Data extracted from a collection
================================

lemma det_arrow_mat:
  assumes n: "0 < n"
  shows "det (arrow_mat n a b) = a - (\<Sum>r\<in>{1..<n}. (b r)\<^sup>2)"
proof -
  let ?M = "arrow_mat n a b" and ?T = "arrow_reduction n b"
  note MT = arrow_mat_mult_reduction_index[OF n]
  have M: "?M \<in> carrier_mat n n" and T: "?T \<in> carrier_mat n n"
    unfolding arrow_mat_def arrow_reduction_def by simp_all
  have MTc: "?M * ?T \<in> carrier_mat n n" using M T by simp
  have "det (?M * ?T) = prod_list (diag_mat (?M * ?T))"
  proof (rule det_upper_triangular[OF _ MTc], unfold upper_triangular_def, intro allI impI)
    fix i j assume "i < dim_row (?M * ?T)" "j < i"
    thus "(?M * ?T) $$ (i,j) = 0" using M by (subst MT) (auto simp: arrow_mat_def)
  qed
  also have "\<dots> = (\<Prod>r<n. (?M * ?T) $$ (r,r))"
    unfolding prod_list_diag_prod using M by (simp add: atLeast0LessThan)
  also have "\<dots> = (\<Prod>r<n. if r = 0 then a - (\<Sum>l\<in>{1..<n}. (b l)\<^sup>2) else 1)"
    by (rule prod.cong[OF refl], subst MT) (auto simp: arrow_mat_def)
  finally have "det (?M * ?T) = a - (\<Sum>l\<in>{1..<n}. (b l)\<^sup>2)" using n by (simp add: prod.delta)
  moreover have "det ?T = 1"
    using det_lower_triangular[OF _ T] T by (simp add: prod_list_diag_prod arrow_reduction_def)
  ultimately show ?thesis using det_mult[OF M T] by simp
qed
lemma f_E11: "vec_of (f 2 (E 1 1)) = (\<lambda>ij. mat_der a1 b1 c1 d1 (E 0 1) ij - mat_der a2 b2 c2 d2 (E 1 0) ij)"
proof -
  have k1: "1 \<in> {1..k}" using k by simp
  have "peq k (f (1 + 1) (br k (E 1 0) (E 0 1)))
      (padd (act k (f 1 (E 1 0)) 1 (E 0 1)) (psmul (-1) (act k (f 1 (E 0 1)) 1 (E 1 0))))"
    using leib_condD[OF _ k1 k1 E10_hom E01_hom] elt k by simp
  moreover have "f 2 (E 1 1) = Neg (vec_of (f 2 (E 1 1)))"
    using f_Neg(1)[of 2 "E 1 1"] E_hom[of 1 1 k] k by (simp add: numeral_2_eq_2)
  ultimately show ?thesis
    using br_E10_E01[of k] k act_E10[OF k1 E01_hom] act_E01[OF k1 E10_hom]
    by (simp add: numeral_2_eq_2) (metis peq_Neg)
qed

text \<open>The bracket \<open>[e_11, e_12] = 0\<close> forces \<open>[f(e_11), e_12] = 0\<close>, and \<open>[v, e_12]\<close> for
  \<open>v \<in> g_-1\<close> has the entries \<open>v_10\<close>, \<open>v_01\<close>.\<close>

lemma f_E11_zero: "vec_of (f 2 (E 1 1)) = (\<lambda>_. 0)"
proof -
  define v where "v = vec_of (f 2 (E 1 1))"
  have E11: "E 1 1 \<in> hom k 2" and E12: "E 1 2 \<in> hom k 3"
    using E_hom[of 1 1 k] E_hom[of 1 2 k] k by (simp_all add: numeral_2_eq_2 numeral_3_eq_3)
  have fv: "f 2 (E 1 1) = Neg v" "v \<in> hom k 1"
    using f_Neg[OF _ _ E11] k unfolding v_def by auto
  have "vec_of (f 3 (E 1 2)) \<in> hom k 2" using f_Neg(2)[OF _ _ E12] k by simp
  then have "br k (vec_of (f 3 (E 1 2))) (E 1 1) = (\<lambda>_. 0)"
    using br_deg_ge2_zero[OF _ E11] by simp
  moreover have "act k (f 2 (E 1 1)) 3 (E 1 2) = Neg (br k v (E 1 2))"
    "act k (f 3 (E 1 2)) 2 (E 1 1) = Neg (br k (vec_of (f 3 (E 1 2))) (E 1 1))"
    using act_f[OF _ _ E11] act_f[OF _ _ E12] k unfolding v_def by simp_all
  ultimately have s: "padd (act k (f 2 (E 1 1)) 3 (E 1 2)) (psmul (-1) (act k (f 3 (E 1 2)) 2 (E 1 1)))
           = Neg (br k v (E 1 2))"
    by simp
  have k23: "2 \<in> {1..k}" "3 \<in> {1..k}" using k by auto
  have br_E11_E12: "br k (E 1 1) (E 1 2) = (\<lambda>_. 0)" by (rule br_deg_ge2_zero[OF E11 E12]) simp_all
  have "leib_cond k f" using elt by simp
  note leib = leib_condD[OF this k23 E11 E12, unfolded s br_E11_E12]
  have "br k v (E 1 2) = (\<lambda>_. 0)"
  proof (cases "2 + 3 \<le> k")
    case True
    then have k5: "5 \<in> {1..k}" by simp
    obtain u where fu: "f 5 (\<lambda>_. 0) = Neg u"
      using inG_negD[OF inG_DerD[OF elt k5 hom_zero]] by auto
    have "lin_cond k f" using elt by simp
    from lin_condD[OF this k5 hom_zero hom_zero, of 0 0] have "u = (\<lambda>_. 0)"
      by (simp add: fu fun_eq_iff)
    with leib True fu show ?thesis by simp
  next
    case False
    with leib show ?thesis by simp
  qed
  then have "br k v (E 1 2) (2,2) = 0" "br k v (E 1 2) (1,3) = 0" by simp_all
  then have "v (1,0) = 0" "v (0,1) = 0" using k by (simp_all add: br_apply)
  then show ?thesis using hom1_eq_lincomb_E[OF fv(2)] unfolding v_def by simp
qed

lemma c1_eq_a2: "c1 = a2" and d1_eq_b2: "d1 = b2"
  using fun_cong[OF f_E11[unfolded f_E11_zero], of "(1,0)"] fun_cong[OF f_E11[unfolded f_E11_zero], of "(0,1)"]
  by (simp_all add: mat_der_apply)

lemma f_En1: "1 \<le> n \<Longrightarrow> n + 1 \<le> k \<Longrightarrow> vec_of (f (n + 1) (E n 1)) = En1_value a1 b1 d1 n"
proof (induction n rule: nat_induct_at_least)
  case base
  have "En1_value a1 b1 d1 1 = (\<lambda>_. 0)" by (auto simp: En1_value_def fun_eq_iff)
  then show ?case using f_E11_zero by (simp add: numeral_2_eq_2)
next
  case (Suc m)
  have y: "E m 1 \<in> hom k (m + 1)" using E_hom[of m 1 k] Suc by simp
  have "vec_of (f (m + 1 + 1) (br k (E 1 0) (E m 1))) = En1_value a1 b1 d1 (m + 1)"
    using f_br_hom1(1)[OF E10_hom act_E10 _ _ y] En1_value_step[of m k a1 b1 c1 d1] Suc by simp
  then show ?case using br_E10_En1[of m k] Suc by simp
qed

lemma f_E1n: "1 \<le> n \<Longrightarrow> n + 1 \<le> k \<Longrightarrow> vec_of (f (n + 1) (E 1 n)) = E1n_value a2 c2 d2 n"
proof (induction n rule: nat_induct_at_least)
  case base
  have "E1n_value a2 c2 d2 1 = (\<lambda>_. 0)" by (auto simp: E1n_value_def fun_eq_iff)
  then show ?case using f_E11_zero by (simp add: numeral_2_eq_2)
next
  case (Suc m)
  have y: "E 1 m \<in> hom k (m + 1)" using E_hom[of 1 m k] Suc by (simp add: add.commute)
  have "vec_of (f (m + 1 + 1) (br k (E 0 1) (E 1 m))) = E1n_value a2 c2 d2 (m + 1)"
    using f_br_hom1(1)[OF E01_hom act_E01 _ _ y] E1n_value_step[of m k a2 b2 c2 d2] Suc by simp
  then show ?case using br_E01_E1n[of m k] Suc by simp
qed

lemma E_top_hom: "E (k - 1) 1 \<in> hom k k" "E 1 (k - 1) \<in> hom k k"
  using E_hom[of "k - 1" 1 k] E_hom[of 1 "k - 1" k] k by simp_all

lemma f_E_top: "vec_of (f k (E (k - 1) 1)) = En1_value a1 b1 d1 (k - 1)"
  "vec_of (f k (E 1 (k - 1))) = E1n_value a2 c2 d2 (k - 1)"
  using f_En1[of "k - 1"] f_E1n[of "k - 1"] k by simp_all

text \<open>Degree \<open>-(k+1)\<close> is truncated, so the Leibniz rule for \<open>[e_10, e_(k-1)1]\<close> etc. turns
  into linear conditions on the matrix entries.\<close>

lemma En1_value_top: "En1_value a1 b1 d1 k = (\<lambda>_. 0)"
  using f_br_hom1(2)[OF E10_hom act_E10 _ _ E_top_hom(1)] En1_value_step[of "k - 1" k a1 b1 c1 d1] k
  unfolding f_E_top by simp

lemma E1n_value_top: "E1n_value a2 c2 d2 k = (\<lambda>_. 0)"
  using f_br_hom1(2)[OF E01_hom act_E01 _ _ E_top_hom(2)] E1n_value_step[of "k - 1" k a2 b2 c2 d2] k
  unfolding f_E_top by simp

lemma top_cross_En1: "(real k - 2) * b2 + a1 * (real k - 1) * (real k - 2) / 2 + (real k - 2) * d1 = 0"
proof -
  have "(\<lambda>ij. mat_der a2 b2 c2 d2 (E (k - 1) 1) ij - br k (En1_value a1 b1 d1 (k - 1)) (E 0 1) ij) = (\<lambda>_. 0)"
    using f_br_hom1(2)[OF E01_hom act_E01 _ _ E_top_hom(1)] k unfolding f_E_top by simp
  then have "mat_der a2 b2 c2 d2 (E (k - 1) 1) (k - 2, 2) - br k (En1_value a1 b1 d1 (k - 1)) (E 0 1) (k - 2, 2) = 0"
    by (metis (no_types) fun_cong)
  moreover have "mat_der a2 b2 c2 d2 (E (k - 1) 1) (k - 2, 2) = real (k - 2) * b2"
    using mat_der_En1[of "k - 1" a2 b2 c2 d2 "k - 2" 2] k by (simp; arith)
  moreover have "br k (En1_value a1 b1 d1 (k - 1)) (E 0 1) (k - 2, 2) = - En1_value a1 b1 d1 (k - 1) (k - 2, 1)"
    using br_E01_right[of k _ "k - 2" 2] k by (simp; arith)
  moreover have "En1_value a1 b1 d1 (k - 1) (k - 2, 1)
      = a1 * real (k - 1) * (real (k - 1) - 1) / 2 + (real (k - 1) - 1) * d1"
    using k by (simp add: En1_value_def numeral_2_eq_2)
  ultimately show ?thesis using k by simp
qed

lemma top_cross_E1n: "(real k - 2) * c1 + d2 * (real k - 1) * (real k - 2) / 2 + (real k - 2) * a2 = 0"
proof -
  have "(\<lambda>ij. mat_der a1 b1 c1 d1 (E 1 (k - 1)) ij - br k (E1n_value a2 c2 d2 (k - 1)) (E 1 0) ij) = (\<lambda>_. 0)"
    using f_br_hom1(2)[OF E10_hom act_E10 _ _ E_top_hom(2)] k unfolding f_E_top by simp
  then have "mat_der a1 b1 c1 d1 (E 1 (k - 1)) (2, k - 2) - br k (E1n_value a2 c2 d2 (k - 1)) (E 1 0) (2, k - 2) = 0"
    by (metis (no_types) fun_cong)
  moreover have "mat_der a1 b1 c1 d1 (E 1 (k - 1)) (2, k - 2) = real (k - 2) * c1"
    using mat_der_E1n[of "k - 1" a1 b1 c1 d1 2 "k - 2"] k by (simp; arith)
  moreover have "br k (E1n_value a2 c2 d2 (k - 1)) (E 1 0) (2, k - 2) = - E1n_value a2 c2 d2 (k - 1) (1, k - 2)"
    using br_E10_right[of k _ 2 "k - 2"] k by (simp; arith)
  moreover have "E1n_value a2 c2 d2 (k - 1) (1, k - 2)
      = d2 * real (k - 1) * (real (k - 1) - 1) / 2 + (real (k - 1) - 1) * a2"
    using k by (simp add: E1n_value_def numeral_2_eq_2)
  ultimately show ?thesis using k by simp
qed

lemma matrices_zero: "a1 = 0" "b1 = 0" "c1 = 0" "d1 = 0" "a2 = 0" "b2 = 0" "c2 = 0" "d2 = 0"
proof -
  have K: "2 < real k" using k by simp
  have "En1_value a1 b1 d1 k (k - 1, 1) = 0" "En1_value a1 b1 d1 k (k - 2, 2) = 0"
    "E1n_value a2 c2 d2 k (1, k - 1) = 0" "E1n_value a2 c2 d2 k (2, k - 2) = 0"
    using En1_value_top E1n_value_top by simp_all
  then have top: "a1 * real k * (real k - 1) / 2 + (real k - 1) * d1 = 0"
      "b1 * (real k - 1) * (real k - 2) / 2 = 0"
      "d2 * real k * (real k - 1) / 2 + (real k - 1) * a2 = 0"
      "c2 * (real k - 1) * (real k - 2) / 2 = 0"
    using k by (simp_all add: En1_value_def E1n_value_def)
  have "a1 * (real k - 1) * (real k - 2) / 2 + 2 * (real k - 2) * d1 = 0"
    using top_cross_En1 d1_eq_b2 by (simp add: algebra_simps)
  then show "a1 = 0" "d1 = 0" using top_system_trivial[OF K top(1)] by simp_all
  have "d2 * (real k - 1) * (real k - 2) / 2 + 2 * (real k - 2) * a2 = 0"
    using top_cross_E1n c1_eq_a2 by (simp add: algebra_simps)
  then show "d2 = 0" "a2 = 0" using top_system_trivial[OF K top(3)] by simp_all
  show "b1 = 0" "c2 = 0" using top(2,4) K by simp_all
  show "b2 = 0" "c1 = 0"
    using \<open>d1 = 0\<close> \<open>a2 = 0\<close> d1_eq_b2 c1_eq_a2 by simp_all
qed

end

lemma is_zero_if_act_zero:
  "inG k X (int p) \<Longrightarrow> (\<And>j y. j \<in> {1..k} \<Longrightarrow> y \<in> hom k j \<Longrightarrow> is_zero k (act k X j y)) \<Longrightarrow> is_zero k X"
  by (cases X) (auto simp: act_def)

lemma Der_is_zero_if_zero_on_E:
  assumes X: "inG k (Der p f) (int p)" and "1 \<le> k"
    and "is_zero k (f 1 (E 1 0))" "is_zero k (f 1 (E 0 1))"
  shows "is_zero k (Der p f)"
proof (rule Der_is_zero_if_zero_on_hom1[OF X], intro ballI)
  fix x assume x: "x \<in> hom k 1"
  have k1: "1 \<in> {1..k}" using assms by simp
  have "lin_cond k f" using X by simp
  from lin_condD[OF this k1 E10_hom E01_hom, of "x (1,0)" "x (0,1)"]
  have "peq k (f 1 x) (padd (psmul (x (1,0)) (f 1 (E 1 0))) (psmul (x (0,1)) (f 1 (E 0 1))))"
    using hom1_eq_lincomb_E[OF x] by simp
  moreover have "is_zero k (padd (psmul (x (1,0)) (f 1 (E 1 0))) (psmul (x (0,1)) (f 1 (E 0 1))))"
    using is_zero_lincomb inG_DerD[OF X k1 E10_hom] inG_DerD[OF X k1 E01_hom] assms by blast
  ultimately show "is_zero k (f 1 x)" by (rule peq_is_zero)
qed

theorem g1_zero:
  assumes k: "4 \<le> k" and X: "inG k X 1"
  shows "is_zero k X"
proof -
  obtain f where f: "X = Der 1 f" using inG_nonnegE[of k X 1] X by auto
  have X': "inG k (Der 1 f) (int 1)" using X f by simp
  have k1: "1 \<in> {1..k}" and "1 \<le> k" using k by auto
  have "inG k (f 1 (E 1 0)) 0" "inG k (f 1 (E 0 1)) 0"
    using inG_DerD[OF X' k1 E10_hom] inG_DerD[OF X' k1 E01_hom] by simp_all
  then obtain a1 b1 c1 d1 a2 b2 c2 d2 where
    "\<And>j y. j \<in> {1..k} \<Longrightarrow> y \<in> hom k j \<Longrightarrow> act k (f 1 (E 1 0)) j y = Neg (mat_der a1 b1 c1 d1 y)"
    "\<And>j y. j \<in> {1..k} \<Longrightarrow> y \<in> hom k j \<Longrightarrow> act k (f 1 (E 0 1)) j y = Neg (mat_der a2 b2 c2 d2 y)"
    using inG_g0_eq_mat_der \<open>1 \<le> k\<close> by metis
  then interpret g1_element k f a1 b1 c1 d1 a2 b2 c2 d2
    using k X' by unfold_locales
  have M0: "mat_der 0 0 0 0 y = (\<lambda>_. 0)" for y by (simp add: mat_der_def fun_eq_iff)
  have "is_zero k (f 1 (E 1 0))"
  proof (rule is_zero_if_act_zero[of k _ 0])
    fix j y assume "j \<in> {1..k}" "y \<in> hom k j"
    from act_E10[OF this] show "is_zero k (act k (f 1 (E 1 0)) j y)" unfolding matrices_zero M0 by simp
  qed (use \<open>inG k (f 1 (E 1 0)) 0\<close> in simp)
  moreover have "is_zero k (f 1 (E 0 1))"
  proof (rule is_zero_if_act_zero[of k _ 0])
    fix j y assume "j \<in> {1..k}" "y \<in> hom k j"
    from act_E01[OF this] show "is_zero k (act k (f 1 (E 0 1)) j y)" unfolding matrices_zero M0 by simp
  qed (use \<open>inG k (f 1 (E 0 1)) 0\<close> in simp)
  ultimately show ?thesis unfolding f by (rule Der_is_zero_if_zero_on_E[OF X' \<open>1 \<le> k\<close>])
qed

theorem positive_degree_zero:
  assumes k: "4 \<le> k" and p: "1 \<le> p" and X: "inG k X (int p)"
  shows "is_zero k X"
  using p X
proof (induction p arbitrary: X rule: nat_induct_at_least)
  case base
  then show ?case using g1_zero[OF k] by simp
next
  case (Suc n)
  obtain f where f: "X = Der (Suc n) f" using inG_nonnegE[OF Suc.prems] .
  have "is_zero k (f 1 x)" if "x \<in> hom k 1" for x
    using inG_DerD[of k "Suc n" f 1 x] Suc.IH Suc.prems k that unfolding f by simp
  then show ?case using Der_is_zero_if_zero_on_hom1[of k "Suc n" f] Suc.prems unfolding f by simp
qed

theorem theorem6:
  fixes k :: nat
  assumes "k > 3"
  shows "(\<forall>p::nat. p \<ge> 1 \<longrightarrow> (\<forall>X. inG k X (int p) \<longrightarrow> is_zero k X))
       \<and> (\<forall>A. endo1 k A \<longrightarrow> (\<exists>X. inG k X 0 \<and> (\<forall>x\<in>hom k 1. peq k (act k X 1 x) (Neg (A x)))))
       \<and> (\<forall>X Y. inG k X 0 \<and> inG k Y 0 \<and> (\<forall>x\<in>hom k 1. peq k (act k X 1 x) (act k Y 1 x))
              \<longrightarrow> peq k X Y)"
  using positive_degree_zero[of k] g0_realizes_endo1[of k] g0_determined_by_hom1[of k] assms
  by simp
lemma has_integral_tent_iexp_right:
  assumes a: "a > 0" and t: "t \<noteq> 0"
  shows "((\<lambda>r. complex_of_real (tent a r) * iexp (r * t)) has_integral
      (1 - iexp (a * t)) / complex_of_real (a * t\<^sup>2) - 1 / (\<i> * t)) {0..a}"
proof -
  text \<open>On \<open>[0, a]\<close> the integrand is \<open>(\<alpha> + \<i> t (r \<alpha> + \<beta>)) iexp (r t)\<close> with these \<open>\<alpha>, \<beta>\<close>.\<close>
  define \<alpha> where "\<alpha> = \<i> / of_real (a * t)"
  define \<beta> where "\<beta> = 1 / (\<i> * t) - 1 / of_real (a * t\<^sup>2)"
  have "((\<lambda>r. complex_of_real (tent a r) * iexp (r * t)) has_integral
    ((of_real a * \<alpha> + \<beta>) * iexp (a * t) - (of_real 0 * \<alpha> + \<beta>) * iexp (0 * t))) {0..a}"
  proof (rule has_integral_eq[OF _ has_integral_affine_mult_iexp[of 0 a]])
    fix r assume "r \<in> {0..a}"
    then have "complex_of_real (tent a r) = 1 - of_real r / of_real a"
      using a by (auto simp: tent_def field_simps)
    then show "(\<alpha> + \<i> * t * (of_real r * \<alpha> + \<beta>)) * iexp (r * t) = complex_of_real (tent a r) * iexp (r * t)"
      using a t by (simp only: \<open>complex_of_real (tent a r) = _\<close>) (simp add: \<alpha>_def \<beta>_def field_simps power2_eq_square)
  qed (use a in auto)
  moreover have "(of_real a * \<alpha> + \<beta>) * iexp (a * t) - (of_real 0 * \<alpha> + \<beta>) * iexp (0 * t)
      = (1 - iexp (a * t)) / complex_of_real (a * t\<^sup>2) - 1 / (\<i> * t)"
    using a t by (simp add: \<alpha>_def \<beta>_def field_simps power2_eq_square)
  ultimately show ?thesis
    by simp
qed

================================

What you are asked to do.
Would you retype exactly the lines above, from the line with "d2 * real (k" to the line with "(Der p f) (int", with both end lines kept and nothing more?

Answer section.
      = d2 * real (k - 1) * (real (k - 1) - 1) / 2 + (real (k - 1) - 1) * a2"
    using k by (simp add: E1n_value_def numeral_2_eq_2)
  ultimately show ?thesis using k by simp
qed

lemma matrices_zero: "a1 = 0" "b1 = 0" "c1 = 0" "d1 = 0" "a2 = 0" "b2 = 0" "c2 = 0" "d2 = 0"
proof -
  have K: "2 < real k" using k by simp
  have "En1_value a1 b1 d1 k (k - 1, 1) = 0" "En1_value a1 b1 d1 k (k - 2, 2) = 0"
    "E1n_value a2 c2 d2 k (1, k - 1) = 0" "E1n_value a2 c2 d2 k (2, k - 2) = 0"
    using En1_value_top E1n_value_top by simp_all
  then have top: "a1 * real k * (real k - 1) / 2 + (real k - 1) * d1 = 0"
      "b1 * (real k - 1) * (real k - 2) / 2 = 0"
      "d2 * real k * (real k - 1) / 2 + (real k - 1) * a2 = 0"
      "c2 * (real k - 1) * (real k - 2) / 2 = 0"
    using k by (simp_all add: En1_value_def E1n_value_def)
  have "a1 * (real k - 1) * (real k - 2) / 2 + 2 * (real k - 2) * d1 = 0"
    using top_cross_En1 d1_eq_b2 by (simp add: algebra_simps)
  then show "a1 = 0" "d1 = 0" using top_system_trivial[OF K top(1)] by simp_all
  have "d2 * (real k - 1) * (real k - 2) / 2 + 2 * (real k - 2) * a2 = 0"
    using top_cross_E1n c1_eq_a2 by (simp add: algebra_simps)
  then show "d2 = 0" "a2 = 0" using top_system_trivial[OF K top(3)] by simp_all
  show "b1 = 0" "c2 = 0" using top(2,4) K by simp_all
  show "b2 = 0" "c1 = 0"
    using \<open>d1 = 0\<close> \<open>a2 = 0\<close> d1_eq_b2 c1_eq_a2 by simp_all
qed

end

lemma is_zero_if_act_zero:
  "inG k X (int p) \<Longrightarrow> (\<And>j y. j \<in> {1..k} \<Longrightarrow> y \<in> hom k j \<Longrightarrow> is_zero k (act k X j y)) \<Longrightarrow> is_zero k X"
  by (cases X) (auto simp: act_def)

lemma Der_is_zero_if_zero_on_E:
  assumes X: "inG k (Der p f) (int p)" and "1 \<le> k"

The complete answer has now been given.